___ Record excerpts ___
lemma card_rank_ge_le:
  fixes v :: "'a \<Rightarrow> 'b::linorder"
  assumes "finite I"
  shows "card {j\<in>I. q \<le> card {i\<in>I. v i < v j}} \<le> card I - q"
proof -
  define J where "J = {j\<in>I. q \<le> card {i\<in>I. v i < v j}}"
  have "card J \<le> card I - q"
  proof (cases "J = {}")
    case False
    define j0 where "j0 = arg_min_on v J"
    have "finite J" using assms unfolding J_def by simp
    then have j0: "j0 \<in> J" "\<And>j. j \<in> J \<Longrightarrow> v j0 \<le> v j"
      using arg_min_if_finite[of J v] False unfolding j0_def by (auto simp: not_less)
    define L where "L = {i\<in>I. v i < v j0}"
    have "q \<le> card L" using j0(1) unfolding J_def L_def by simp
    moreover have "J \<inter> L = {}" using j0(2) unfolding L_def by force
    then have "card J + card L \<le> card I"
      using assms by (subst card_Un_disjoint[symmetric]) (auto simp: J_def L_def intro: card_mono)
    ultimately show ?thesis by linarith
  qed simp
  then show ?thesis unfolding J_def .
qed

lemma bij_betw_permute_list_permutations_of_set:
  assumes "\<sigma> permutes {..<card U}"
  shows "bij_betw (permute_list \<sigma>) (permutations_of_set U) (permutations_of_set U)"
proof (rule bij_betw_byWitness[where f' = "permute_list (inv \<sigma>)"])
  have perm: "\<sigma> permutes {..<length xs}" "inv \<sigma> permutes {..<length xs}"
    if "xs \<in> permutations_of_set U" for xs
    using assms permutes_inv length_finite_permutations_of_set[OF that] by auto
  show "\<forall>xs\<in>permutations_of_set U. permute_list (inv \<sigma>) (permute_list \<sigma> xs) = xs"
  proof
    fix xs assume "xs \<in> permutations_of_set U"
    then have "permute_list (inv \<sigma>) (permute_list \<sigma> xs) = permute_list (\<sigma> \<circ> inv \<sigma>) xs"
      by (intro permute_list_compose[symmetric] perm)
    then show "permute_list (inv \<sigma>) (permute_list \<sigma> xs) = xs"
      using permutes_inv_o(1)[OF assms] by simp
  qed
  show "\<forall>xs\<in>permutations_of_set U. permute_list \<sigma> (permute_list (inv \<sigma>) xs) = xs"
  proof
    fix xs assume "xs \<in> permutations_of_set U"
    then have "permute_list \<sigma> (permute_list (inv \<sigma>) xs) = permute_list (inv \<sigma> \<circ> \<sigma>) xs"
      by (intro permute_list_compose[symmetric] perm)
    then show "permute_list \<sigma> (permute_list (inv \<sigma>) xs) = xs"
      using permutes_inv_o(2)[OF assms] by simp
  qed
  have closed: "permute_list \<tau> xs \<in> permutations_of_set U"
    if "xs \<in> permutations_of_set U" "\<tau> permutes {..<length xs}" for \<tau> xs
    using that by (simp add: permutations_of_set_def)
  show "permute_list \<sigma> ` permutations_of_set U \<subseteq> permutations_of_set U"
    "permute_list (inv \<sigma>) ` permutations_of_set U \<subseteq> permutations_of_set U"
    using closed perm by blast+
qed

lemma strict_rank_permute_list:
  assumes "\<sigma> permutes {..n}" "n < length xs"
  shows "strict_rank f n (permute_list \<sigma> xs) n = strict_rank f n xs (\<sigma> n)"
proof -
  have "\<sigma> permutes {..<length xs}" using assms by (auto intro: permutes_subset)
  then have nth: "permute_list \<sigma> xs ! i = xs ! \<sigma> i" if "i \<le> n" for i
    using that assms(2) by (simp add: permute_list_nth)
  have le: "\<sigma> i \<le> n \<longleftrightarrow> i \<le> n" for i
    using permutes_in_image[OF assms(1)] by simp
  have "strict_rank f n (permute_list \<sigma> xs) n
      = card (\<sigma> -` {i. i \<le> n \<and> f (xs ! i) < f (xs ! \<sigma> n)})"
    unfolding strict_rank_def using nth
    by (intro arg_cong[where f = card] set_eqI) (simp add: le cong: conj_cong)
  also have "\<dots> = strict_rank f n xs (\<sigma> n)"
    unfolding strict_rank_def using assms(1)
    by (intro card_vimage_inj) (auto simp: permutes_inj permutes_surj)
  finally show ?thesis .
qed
___
___ Record excerpts ___
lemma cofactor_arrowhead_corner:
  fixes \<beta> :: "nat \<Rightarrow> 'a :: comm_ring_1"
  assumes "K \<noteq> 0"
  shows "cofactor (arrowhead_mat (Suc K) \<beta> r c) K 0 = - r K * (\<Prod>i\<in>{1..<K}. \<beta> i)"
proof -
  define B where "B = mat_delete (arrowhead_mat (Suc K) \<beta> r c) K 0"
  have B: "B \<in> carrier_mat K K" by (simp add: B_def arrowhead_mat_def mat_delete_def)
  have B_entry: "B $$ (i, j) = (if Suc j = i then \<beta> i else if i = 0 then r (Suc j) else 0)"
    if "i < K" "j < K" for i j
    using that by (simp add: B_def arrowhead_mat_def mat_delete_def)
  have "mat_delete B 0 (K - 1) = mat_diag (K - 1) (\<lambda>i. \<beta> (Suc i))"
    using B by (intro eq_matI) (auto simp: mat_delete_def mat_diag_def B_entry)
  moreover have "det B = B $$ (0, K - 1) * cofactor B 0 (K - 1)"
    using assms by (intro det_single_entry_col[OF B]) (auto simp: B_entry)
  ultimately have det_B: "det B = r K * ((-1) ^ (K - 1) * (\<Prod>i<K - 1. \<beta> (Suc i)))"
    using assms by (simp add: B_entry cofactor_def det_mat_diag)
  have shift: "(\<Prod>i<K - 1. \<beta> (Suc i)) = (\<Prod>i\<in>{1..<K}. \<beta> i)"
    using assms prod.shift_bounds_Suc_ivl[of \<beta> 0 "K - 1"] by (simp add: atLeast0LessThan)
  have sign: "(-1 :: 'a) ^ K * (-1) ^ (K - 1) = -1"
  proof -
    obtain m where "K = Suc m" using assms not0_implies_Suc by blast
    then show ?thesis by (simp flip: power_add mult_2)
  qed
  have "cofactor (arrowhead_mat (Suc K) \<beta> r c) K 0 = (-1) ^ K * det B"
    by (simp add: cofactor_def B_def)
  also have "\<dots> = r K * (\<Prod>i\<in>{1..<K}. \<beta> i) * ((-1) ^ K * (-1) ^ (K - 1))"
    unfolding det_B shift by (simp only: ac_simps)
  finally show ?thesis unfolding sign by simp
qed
___
___ Record excerpts ___
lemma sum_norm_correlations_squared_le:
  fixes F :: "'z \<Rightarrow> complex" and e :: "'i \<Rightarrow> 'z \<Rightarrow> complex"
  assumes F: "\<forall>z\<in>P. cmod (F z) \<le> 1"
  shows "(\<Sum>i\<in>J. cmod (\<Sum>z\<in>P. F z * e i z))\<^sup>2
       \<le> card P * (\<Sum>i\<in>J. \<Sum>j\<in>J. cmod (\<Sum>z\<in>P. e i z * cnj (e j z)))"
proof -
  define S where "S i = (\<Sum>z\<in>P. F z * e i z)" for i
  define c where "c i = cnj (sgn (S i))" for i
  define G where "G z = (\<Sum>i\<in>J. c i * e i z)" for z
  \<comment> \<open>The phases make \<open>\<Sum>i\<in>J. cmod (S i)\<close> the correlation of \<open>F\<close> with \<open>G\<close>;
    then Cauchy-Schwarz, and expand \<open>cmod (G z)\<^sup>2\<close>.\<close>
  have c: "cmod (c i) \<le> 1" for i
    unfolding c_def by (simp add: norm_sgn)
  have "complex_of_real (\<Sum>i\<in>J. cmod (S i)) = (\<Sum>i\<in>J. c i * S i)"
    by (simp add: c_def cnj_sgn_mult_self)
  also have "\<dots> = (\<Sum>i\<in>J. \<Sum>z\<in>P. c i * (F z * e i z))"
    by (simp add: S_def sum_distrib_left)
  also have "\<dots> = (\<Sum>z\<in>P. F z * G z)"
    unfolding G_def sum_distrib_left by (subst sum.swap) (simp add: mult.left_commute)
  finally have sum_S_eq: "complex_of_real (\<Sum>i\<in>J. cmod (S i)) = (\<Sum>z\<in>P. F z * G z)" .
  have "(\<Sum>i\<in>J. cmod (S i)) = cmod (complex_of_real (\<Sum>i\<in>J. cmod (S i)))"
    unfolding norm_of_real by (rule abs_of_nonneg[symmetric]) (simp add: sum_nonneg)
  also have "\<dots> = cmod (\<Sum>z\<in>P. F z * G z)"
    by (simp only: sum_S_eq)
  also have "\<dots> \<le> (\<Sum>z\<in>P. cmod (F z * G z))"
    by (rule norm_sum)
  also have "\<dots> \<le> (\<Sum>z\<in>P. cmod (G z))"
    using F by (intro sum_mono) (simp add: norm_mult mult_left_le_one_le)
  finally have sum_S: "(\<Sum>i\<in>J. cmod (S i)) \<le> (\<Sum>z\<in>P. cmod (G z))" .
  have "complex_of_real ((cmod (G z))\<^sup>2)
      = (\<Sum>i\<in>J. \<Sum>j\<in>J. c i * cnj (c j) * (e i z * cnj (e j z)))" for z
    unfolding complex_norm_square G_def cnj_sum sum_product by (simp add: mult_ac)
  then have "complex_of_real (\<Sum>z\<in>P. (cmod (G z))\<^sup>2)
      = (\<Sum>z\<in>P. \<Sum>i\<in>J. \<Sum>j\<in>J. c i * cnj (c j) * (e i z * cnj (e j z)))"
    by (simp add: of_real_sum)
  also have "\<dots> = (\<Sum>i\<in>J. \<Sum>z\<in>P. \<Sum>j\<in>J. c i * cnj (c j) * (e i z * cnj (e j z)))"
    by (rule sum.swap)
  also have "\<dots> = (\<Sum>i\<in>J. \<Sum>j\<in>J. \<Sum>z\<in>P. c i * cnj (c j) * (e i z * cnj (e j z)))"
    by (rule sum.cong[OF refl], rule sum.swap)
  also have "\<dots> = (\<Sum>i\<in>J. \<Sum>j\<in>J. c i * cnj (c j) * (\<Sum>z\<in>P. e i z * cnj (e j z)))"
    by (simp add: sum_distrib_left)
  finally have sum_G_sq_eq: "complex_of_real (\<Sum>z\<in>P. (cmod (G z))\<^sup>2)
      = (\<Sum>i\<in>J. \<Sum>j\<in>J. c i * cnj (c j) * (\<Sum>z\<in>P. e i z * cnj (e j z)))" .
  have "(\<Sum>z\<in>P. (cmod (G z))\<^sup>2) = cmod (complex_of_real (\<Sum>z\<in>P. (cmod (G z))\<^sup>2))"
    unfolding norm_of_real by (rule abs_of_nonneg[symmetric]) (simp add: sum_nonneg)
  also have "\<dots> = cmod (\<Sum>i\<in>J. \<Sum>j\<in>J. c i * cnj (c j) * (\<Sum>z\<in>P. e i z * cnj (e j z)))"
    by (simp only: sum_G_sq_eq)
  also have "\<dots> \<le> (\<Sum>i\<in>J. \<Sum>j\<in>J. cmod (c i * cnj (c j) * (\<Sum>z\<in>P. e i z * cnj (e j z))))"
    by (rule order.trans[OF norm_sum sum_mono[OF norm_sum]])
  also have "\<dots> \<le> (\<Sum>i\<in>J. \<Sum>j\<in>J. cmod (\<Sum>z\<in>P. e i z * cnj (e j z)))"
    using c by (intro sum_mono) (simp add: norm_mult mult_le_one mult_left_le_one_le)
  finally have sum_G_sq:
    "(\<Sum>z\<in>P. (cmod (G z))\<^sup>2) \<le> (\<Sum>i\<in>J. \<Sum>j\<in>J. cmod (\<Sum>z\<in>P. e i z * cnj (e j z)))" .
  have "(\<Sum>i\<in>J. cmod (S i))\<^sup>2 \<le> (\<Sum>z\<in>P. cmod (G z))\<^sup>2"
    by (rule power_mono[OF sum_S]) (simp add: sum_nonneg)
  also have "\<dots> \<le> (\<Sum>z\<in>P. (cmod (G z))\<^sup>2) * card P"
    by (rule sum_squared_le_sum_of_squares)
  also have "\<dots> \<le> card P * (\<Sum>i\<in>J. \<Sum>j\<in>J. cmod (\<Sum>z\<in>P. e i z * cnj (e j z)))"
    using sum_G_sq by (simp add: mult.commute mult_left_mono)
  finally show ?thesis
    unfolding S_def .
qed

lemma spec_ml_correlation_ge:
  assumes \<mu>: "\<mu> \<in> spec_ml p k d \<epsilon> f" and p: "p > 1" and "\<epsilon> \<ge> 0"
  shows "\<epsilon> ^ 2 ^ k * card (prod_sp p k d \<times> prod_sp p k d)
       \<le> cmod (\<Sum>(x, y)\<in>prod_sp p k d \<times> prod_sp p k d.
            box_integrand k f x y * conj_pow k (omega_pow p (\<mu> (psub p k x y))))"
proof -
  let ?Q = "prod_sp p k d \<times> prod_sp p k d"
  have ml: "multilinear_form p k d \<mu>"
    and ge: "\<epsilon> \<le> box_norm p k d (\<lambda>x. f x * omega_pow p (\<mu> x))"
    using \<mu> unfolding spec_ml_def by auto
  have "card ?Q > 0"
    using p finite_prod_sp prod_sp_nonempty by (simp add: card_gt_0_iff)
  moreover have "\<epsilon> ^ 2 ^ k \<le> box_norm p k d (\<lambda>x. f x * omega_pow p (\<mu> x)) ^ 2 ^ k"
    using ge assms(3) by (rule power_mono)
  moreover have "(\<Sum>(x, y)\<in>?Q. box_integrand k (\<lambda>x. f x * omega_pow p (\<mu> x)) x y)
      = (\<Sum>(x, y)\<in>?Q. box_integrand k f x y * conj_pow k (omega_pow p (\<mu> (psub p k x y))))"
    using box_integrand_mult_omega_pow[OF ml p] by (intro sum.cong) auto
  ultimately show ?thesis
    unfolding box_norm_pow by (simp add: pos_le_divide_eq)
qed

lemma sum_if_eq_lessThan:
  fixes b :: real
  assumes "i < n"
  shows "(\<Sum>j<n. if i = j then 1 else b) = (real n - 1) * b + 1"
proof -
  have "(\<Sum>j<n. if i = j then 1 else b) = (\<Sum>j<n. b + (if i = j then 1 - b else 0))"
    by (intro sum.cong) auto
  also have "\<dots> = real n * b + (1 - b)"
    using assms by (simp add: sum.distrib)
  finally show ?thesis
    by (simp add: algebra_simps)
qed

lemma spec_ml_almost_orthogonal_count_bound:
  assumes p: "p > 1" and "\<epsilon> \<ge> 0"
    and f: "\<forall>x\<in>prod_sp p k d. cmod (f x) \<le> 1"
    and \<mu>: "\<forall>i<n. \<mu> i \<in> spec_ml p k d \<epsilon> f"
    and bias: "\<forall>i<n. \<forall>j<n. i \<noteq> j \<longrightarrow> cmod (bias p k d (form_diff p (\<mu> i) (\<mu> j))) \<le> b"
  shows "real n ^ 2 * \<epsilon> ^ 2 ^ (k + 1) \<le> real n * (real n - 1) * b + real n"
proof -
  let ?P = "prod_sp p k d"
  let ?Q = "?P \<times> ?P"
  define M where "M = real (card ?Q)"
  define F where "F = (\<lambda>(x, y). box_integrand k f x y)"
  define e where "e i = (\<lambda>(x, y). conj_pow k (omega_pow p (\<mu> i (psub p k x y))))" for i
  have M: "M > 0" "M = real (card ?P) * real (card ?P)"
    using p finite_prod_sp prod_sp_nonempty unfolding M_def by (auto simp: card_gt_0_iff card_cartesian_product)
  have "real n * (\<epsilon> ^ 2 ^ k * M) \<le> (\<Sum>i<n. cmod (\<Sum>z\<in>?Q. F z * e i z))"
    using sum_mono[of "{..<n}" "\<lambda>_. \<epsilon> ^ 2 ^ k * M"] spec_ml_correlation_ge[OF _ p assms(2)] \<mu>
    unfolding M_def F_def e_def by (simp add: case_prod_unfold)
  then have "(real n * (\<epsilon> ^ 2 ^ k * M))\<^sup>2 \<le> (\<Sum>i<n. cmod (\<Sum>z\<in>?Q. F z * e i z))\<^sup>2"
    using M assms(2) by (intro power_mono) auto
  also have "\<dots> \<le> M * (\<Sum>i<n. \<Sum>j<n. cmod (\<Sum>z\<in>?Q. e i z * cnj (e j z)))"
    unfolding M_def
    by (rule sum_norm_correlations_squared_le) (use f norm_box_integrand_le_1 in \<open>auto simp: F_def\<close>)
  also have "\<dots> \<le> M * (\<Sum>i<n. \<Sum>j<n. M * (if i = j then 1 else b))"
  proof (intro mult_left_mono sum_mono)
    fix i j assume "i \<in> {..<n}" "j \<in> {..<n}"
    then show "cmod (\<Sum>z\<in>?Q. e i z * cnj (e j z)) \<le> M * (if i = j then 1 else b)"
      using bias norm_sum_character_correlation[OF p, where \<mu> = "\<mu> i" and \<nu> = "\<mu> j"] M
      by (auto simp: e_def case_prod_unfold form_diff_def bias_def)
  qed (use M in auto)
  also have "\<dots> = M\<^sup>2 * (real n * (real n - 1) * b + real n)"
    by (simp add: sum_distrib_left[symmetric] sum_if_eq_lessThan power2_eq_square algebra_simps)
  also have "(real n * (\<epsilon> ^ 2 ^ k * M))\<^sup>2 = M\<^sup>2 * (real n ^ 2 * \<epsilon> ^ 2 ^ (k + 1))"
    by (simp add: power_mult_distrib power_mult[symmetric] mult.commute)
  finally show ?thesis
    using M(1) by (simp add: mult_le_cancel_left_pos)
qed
___
▸ **Required work**
Please output the lines of the listing above that fall in the stretch from the one with "using assms by (subst" through the one with "using that by (simp add: permutations_of_set_def)", exactly and only those.

▸ **Answer for this exercise**
      using assms by (subst card_Un_disjoint[symmetric]) (auto simp: J_def L_def intro: card_mono)
    ultimately show ?thesis by linarith
  qed simp
  then show ?thesis unfolding J_def .
qed

lemma bij_betw_permute_list_permutations_of_set:
  assumes "\<sigma> permutes {..<card U}"
  shows "bij_betw (permute_list \<sigma>) (permutations_of_set U) (permutations_of_set U)"
proof (rule bij_betw_byWitness[where f' = "permute_list (inv \<sigma>)"])
  have perm: "\<sigma> permutes {..<length xs}" "inv \<sigma> permutes {..<length xs}"
    if "xs \<in> permutations_of_set U" for xs
    using assms permutes_inv length_finite_permutations_of_set[OF that] by auto
  show "\<forall>xs\<in>permutations_of_set U. permute_list (inv \<sigma>) (permute_list \<sigma> xs) = xs"
  proof
    fix xs assume "xs \<in> permutations_of_set U"
    then have "permute_list (inv \<sigma>) (permute_list \<sigma> xs) = permute_list (\<sigma> \<circ> inv \<sigma>) xs"
      by (intro permute_list_compose[symmetric] perm)
    then show "permute_list (inv \<sigma>) (permute_list \<sigma> xs) = xs"
      using permutes_inv_o(1)[OF assms] by simp
  qed
  show "\<forall>xs\<in>permutations_of_set U. permute_list \<sigma> (permute_list (inv \<sigma>) xs) = xs"
  proof
    fix xs assume "xs \<in> permutations_of_set U"
    then have "permute_list \<sigma> (permute_list (inv \<sigma>) xs) = permute_list (inv \<sigma> \<circ> \<sigma>) xs"
      by (intro permute_list_compose[symmetric] perm)
    then show "permute_list \<sigma> (permute_list (inv \<sigma>) xs) = xs"
      using permutes_inv_o(2)[OF assms] by simp
  qed
  have closed: "permute_list \<tau> xs \<in> permutations_of_set U"
    if "xs \<in> permutations_of_set U" "\<tau> permutes {..<length xs}" for \<tau> xs
    using that by (simp add: permutations_of_set_def)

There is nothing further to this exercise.